Алексей, вступив в залу, взглянул на Петра и лицо книзу опустил. Встал, словно споткнулся. Пётр, вцепившись пальцами в подлокотники трона, навстречу ему подался. Шею вытянул. Глаза у царя широко распахнулись. Казалось, сейчас вот сорвётся он с трона, вниз по ступенькам сбежит и в объятия примет блудного сына. И все в зале головами вперёд потянулись: что будет-то?
Но Алексей в дверях медлил, будто и хотел шагнуть к отцу, но путы невидимые держали.
Все замерли. Вице-канцлер Шафиров персты ко рту прижал. Ушаков, лицом тяжёлым окаменев, набычился и, не мигая, на царевича смотрел. Улыбка странная губы Шаховского, царского шута, скривила, да так и стоял он: не понять было — не то заплачет, не то в пузырь с горохом сушёным ударит и захохочет.
В тишине зловещей кто-то ахнул на всю залу. Петра словно в грудь толкнули, и он, пальцы разжав, откинулся на спинку трона.
Алексей выпростал из-за спины руку, и все увидели зажатый у него в пальцах большой, вполовину согнутый лист. Неся лист перед собой, царевич шагнул к трону и упал на колени.
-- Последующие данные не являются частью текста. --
lemma young_conj_ratio_le:
  assumes "young L" "0 < s"
  shows "young_conj L (L s / s) \<le> L s"
proof (rule young_conj_least)
  fix r :: real assume r: "0 \<le> r"
  show "r * (L s / s) - L r \<le> L s"
  proof (cases "r \<le> s")
    case True
    then have "r * (L s / s) \<le> s * (L s / s)"
      using young_nonneg[OF assms(1), of s] assms(2) by (intro mult_right_mono) auto
    then show ?thesis using young_nonneg[OF assms(1) r] assms(2) by simp
  next
    case False
    then have "r * (L s / s) \<le> r * (L r / r)"
      using young_ratio_mono[OF assms] r by (intro mult_left_mono) auto
    then show ?thesis using False young_nonneg[OF assms(1), of s] assms(2) by simp
  qed
qed

lemma young_inv_conj_ratio_bounds:
  assumes "young G" "0 < s"
  shows "0 < young_inv G (young_conj G (G s / s)) \<and> young_inv G (young_conj G (G s / s)) \<le> s"
proof -
  let ?c = "young_conj G (G s / s)"
  have c: "0 < ?c" "?c \<le> G s"
    using young_conj_pos[OF assms(1)] young_pos[OF assms] young_conj_ratio_le[OF assms] assms(2)
    by auto
  obtain r where r: "0 \<le> r" "r \<le> s" "G r = ?c"
    using young_attains[OF assms(1), of ?c s] c assms(2) by auto
  have "young_inv G ?c = r" by (rule young_inv_eqI[OF assms(1) r(1,3)])
  moreover have "r \<noteq> 0" using r(3) c(1) young_zero[OF assms(1)] by auto
  ultimately show ?thesis using r by auto
qed

text \<open>Young's inequality with \<open>a = G s / s\<close> and \<open>e = min \<sigma> 1\<close> gives
  \<open>a t = (e t) (a / e) \<le> Q (e t) + Q\<^sup>* (a / e)\<close>, and \<open>Q (e t) \<le> e Q t\<close>. For large \<open>a / e\<close> the
  growth hypothesis bounds \<open>Q\<^sup>* (a / e)\<close> by \<open>e P (G\<^sup>-\<^sup>1 (G\<^sup>* a))\<close>, and \<open>G\<^sup>* a \<le> G s\<close>.\<close>
lemma young_ratio_mult_le:
  assumes yP: "young P" and yQ: "young Q" and yG: "young G"
    and growth: "ll (young_conj Q) (P \<circ> young_inv G \<circ> young_conj G)" and "0 < \<sigma>"
  shows "\<exists>K. \<forall>s>0. \<forall>t>0. G s / s * t \<le> \<sigma> * (P s + Q t) + K"
proof -
  define e where "e = min \<sigma> 1"
  have e: "0 < e" "e \<le> 1" "e \<le> \<sigma>" using \<open>0 < \<sigma>\<close> by (auto simp: e_def)
  have "((\<lambda>u. young_conj Q u / P (young_inv G (young_conj G (e * u)))) \<longlongrightarrow> 0) at_top"
    using growth e(1) unfolding ll_def by simp
  then have "eventually (\<lambda>u. young_conj Q u / P (young_inv G (young_conj G (e * u))) < e) at_top"
    using e(1) by (rule order_tendstoD)
  then obtain M where
    M: "\<And>u. M \<le> u \<Longrightarrow> young_conj Q u / P (young_inv G (young_conj G (e * u))) < e"
    by (auto simp: eventually_at_top_linorder)
  have "G s / s * t \<le> \<sigma> * (P s + Q t) + young_conj Q M" if "0 < s" "0 < t" for s t
  proof -
    define u where "u = G s / s / e"
    have eu: "e * u = G s / s" using e(1) by (simp add: u_def)
    have "(e * t) * u - Q (e * t) \<le> young_conj Q u"
      by (rule young_conj_upper[OF yQ]) (use e that in simp)
    moreover have "Q (e * t) \<le> e * Q t" by (rule young_mult_le[OF yQ]) (use e that in auto)
    moreover have "e * Q t \<le> \<sigma> * Q t"
      using e(3) young_nonneg[OF yQ, of t] that by (intro mult_right_mono) auto
    moreover have "young_conj Q u \<le> \<sigma> * P s + young_conj Q M"
    proof (cases "M \<le> u")
      case True
      define r where "r = young_inv G (young_conj G (G s / s))"
      have r: "0 < r" "r \<le> s" using young_inv_conj_ratio_bounds[OF yG that(1)] by (auto simp: r_def)
      have "young_conj Q u < e * P r"
        using M[OF True] young_pos[OF yP r(1)] by (simp add: eu r_def divide_less_eq mult.commute)
      also have "\<dots> \<le> \<sigma> * P s"
        using e young_mono[OF yP _ r(2)] young_nonneg[OF yP, of r] r(1) by (intro mult_mono) auto
      finally show ?thesis using young_conj_nonneg[OF yQ, of M] by linarith
    next
      case False
      then have "young_conj Q u \<le> young_conj Q M" by (intro young_conj_mono[OF yQ]) simp
      moreover have "0 \<le> \<sigma> * P s" using young_nonneg[OF yP, of s] that \<open>0 < \<sigma>\<close> by simp
      ultimately show ?thesis by linarith
    qed
    moreover have "G s / s * t = (e * t) * u" by (simp add: eu[symmetric])
    ultimately show ?thesis unfolding distrib_left by linarith
  qed
  then show ?thesis by blast
qed

section \<open>Terms absorbed by \<open>P(s) + Q(t)\<close>\<close>

definition absorbed :: "(real \<Rightarrow> real) \<Rightarrow> (real \<Rightarrow> real) \<Rightarrow> (real \<Rightarrow> real \<Rightarrow> real) \<Rightarrow> bool" where
  "absorbed P Q X \<longleftrightarrow> (\<forall>\<sigma>>0. \<exists>K. \<forall>s>0. \<forall>t>0. X s t \<le> \<sigma> * (P s + Q t) + K)"

lemma absorbedI:
  "(\<And>\<sigma>. 0 < \<sigma> \<Longrightarrow> \<exists>K. \<forall>s>0. \<forall>t>0. X s t \<le> \<sigma> * (P s + Q t) + K) \<Longrightarrow> absorbed P Q X"
  unfolding absorbed_def by blast

lemma absorbedD:
  "absorbed P Q X \<Longrightarrow> 0 < \<sigma> \<Longrightarrow> \<exists>K. \<forall>s>0. \<forall>t>0. X s t \<le> \<sigma> * (P s + Q t) + K"
  unfolding absorbed_def by blast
Полы его чёрного сюртука раскинулись, и из-под них торчали, как неживые, ноги в белых чулках.
Царь встал, сошёл со ступеней и за плечи поднял царевича. Голову Петра повело назад, лицо исказилось судорогой, побагровело, но он, словно груз вытягивая тяжкий, сцепил зубы и встал ровно. Взял лист из рук царевича, но, взглянув на него мельком, отдал Шафирову, спросил хрипло:
— Что хочешь сказать ты нам? Царевич, не поднимая лица, ответил тотчас:
— О прощении молю едином и о даровании жизни мне, недостойному.
Голос Алексея выдал волнение. Царь задышал часто. Минуту или две только и слышно было его дыхание. Наконец сказал:
— Я тебе дарую то, о чём просишь, но ты утратил право наследовать престол наш и должен отречься от него торжественным актом за своею подписью.
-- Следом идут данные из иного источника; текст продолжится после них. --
definition eps_smooth :: "real \<Rightarrow> 'a::real_normed_vector \<Rightarrow> bool" where
  "eps_smooth \<epsilon> z \<longleftrightarrow> diam (duality_set z) \<le> \<epsilon>"

definition M_plus :: "('a::real_normed_vector \<Rightarrow>\<^sub>L real) \<Rightarrow> 'a set" where
  "M_plus f = {x \<in> unit_sphere. blinfun_apply f x = norm f}"

end

(* Only reflexivity matters.  The evaluation map X \<rightarrow> X** is a linear isometry (the isometry
   needs a norming functional, i.e. the Hahn-Banach theorem), and a functional \<Phi> = eval x lies
   in J(f) exactly when x lies in M_f^+.  So for reflexive X the map carries M_f^+ onto J(f)
   preserving distances, and the two sets have the same diameter.

   Hahn-Banach is proved via minimal sublinear functionals.  The pointwise infimum of a chain
   of sublinear functionals is sublinear, so by Zorn every sublinear q lies above a minimal
   sublinear p.  For each y, reduct p y x = inf_{t \<ge> 0} (p (x + t y) - t p y) is again sublinear
   and below p, hence equal to p; taking t = 1 gives p x + p y \<le> p (x + y), so p is linear.
   Applied below reduct q y this gives a linear f \<le> q with f y = q y, and for q = norm a
   norming functional of y. *)

theory Submission
  imports Defs
begin

definition sublinear :: "('a::real_vector \<Rightarrow> real) \<Rightarrow> bool" where
  "sublinear p \<longleftrightarrow> (\<forall>x y. p (x + y) \<le> p x + p y) \<and> (\<forall>c x. 0 \<le> c \<longrightarrow> p (c *\<^sub>R x) = c * p x)"

lemma sublinear_add: "sublinear p \<Longrightarrow> p (x + y) \<le> p x + p y"
  by (simp add: sublinear_def)

lemma sublinear_scaleR: "sublinear p \<Longrightarrow> 0 \<le> c \<Longrightarrow> p (c *\<^sub>R x) = c * p x"
  by (simp add: sublinear_def)

lemma sublinear_zero: "sublinear p \<Longrightarrow> p 0 = 0"
  using sublinear_scaleR[of p 0 0] by simp

lemma sublinear_neg_le: "sublinear p \<Longrightarrow> - p (- x) \<le> p x"
  using sublinear_add[of p x "- x"] sublinear_zero[of p] by simp

lemma sublinearI:
  fixes p :: "'a::real_vector \<Rightarrow> real"
  assumes add: "\<And>x y. p (x + y) \<le> p x + p y"
    and scale: "\<And>c x. 0 < c \<Longrightarrow> p (c *\<^sub>R x) \<le> c * p x"
  shows "sublinear p"
proof -
  have "p 0 \<le> p 0 + p 0" using add[of 0 0] by simp
  moreover have "p 0 \<le> p 0 / 2" using scale[of "1/2" 0] by simp
  ultimately have p0: "p 0 = 0" by linarith
  have "p (c *\<^sub>R x) = c * p x" if "0 < c" for c x
  proof (rule antisym)
    show "p (c *\<^sub>R x) \<le> c * p x" using scale[OF that] .
    have "p x = p (inverse c *\<^sub>R (c *\<^sub>R x))" using that by simp
    also have "\<dots> \<le> inverse c * p (c *\<^sub>R x)" using scale[of "inverse c" "c *\<^sub>R x"] that by simp
    finally show "c * p x \<le> p (c *\<^sub>R x)" using that by (simp add: field_simps)
  qed
  with p0 show ?thesis
    unfolding sublinear_def by (metis add less_eq_real_def mult_zero_left scale_zero_left)
qed

lemma sublinear_norm: "sublinear (norm :: 'a::real_normed_vector \<Rightarrow> real)"
  unfolding sublinear_def by (auto simp: norm_triangle_ineq)

definition reduct :: "('a::real_vector \<Rightarrow> real) \<Rightarrow> 'a \<Rightarrow> 'a \<Rightarrow> real" where
  "reduct p y x = (INF t\<in>{0..}. p (x + t *\<^sub>R y) - t * p y)"

lemma reduct_le:
  assumes "sublinear p" "0 \<le> t"
  shows "reduct p y x \<le> p (x + t *\<^sub>R y) - t * p y"
  unfolding reduct_def
proof (rule cINF_lower)
  show "bdd_below ((\<lambda>t. p (x + t *\<^sub>R y) - t * p y) ` {0..})"
  proof (rule bdd_belowI2)
    fix s :: real assume "s \<in> {0..}"
    then have "s * p y \<le> p (x + s *\<^sub>R y) + p (- x)"
      using sublinear_add[OF assms(1), of "x + s *\<^sub>R y" "- x"] sublinear_scaleR[OF assms(1)] by simp
    then show "- p (- x) \<le> p (x + s *\<^sub>R y) - s * p y" by simp
  qed
qed (use assms(2) in simp)

lemma le_reduct:
  assumes "\<And>t. 0 \<le> t \<Longrightarrow> a \<le> p (x + t *\<^sub>R y) - t * p y"
  shows "a \<le> reduct p y x"
  unfolding reduct_def by (rule cINF_greatest) (use assms in auto)

lemma reduct_le_self: "sublinear p \<Longrightarrow> reduct p y x \<le> p x"
  using reduct_le[of p 0 y x] by simp

lemma sublinear_reduct:
  assumes p: "sublinear p"
  shows "sublinear (reduct p y)"
proof (rule sublinearI)
  fix x1 x2
  have "reduct p y (x1 + x2) - (p (x2 + t2 *\<^sub>R y) - t2 * p y) \<le> reduct p y x1"
    if t2: "0 \<le> t2" for t2
  proof (rule le_reduct)
    fix t1 :: real assume t1: "0 \<le> t1"
    have "reduct p y (x1 + x2) \<le> p (x1 + x2 + (t1 + t2) *\<^sub>R y) - (t1 + t2) * p y"
      using reduct_le[OF p, of "t1 + t2"] t1 t2 by simp
    also have "x1 + x2 + (t1 + t2) *\<^sub>R y = (x1 + t1 *\<^sub>R y) + (x2 + t2 *\<^sub>R y)"
      by (simp add: algebra_simps)
    also have "p \<dots> \<le> p (x1 + t1 *\<^sub>R y) + p (x2 + t2 *\<^sub>R y)"
      by (rule sublinear_add[OF p])
    finally show "reduct p y (x1 + x2) - (p (x2 + t2 *\<^sub>R y) - t2 * p y)
        \<le> p (x1 + t1 *\<^sub>R y) - t1 * p y"
      by (simp add: algebra_simps)
  qed
  then have "reduct p y (x1 + x2) - reduct p y x1 \<le> reduct p y x2"
    by (intro le_reduct) (simp add: algebra_simps)
  then show "reduct p y (x1 + x2) \<le> reduct p y x1 + reduct p y x2" by simp
next
  fix c :: real and x
  assume c: "0 < c"
  have "reduct p y (c *\<^sub>R x) / c \<le> reduct p y x"
  proof (rule le_reduct)
    fix t :: real assume t: "0 \<le> t"
    have "reduct p y (c *\<^sub>R x) \<le> p (c *\<^sub>R x + (c * t) *\<^sub>R y) - (c * t) * p y"
      using reduct_le[OF p, of "c * t"] t c by simp
    also have "\<dots> = c * (p (x + t *\<^sub>R y) - t * p y)"
      using sublinear_scaleR[OF p, of c "x + t *\<^sub>R y"] c by (simp add: algebra_simps)
    finally show "reduct p y (c *\<^sub>R x) / c \<le> p (x + t *\<^sub>R y) - t * p y"
      using c by (simp add: divide_le_eq mult.commute)
  qed
  then show "reduct p y (c *\<^sub>R x) \<le> c * reduct p y x"
    using c by (simp add: divide_le_eq mult.commute)
qed

lemma linear_if_minimal_sublinear:
  assumes p: "sublinear p"
    and minimal: "\<And>p'. sublinear p' \<Longrightarrow> p' \<le> p \<Longrightarrow> p' = p"
  shows "linear p"
proof -
  have add: "p (x + y) = p x + p y" for x y
  proof -
    have "reduct p y \<le> p" using reduct_le_self[OF p] by (rule le_funI)
    then have "reduct p y = p" using minimal sublinear_reduct[OF p] by blast
    then have "p x \<le> p (x + y) - p y" using reduct_le[OF p, of 1 y x] by simp
    then show ?thesis using sublinear_add[OF p, of x y] by simp
  qed
  have neg: "p (- x) = - p x" for x
    using add[of x "- x"] sublinear_zero[OF p] by simp
  show ?thesis
  proof (rule linearI)
    show "p (r *\<^sub>R x) = r *\<^sub>R p x" for r x
    proof (cases "0 \<le> r")
      case False
      have "p (r *\<^sub>R x) = - p ((- r) *\<^sub>R x)" using neg[of "(- r) *\<^sub>R x"] by simp
      then show ?thesis using sublinear_scaleR[OF p, of "- r" x] False by simp
    qed (simp add: sublinear_scaleR[OF p])
  qed (rule add)
qed

lemma bdd_below_sublinear_chain:
  assumes "p0 \<in> C" "\<And>p. p \<in> C \<Longrightarrow> sublinear p"
    and chain: "\<And>p p'. p \<in> C \<Longrightarrow> p' \<in> C \<Longrightarrow> p \<le> p' \<or> p' \<le> p"
  shows "bdd_below ((\<lambda>p. p x) ` C)"
proof (rule bdd_belowI2)
  fix p assume "p \<in> C"
  then consider "p0 \<le> p" | "p \<le> p0" using chain assms(1) by blast
  then show "- p0 (- x) \<le> p x"
  proof cases
    case 1
    have "- p0 (- x) \<le> p0 x" using sublinear_neg_le assms(1,2) by blast
    also have "\<dots> \<le> p x" using 1 by (rule le_funD)
    finally show ?thesis .
  next
    case 2
    have "- p0 (- x) \<le> - p (- x)" using 2 by (simp add: le_funD)
    also have "\<dots> \<le> p x" using sublinear_neg_le assms(2) \<open>p \<in> C\<close> by blast
    finally show ?thesis .
  qed
qed

lemma sublinear_INF_chain:
  assumes "C \<noteq> {}" and sub: "\<And>p. p \<in> C \<Longrightarrow> sublinear p"
    and chain: "\<And>p p'. p \<in> C \<Longrightarrow> p' \<in> C \<Longrightarrow> p \<le> p' \<or> p' \<le> p"
  shows "sublinear (\<lambda>x. INF p\<in>C. p x)" (is "sublinear ?u")
proof -
  obtain p0 where "p0 \<in> C" using assms(1) by blast
  have u_le: "?u x \<le> p x" if "p \<in> C" for p x
    using bdd_below_sublinear_chain[OF \<open>p0 \<in> C\<close> sub chain] that by (intro cINF_lower)
  have le_u: "a \<le> ?u x" if "\<And>p. p \<in> C \<Longrightarrow> a \<le> p x" for a x
    using assms(1) that by (intro cINF_greatest)
  show ?thesis
  proof (rule sublinearI)
    fix x y
    have "?u (x + y) - p2 y \<le> ?u x" if p2: "p2 \<in> C" for p2
    proof (rule le_u)
      fix p1 assume p1: "p1 \<in> C"
      obtain p where p: "p \<in> C" "p \<le> p1" "p \<le> p2" using chain[OF p1 p2] p1 p2 by blast
      have "?u (x + y) \<le> p (x + y)" using u_le[OF p(1)] .
      also have "\<dots> \<le> p x + p y" using sublinear_add[OF sub[OF p(1)]] .
      also have "\<dots> \<le> p1 x + p2 y" using p(2,3) by (simp add: add_mono le_fun_def)
      finally show "?u (x + y) - p2 y \<le> p1 x" by simp
    qed
    then have "?u (x + y) - ?u x \<le> ?u y"
      by (intro le_u) (simp add: algebra_simps)
    then show "?u (x + y) \<le> ?u x + ?u y" by simp
  next
    fix c :: real and x
    assume c: "0 < c"
    have "?u (c *\<^sub>R x) / c \<le> ?u x"
    proof (rule le_u)
      fix p assume "p \<in> C"
      have "?u (c *\<^sub>R x) \<le> c * p x"
        using u_le[OF \<open>p \<in> C\<close>, of "c *\<^sub>R x"] sublinear_scaleR[OF sub[OF \<open>p \<in> C\<close>], of c x] c
        by simp
      then show "?u (c *\<^sub>R x) / c \<le> p x" using c by (simp add: divide_le_eq mult.commute)
    qed
    then show "?u (c *\<^sub>R x) \<le> c * ?u x" using c by (simp add: divide_le_eq mult.commute)
  qed
qed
Голос Петра под сводами эхом отдался: «…своею подписью». Как гвозди вколотил он те слова.
Царевич молчал. Шафиров суетливо к нему кинулся с пером в руках.
Царевич стоял недвижимо. В зале не было человека, который бы дыхание не задержал.
Алексей впервые, как вошёл в залу, посмотрел в лицо отцу и сказал:
— Согласен и акт сей подпишу.
Шагнул к стоящему чуть поодаль от трона столу, выхватил из руки Шафирова перо. И долго-долго, как переламываясь, клонился к бумаге.
Наконец перо коснулось акта, и буква за буквой, словно глыбы ворочая, царевич начертал: «Алексей». Выронил перо из пальцев ослабевших. И шум вдруг пошёл по зале. Заворчали родовитые, как воронье на башнях кремлёвских в час предрассветный. Глухо, с болью.
Царь обвёл залу взглядом. Все смолкли.
— Зачем не внял ты моим предостережениям? — спросил Пётр царевича. — И кто мог советовать тебе бежать?
И вновь в зале дыхание затаили. Понятно было: назовёт имена царевич и каждого названного к плахе приговорит.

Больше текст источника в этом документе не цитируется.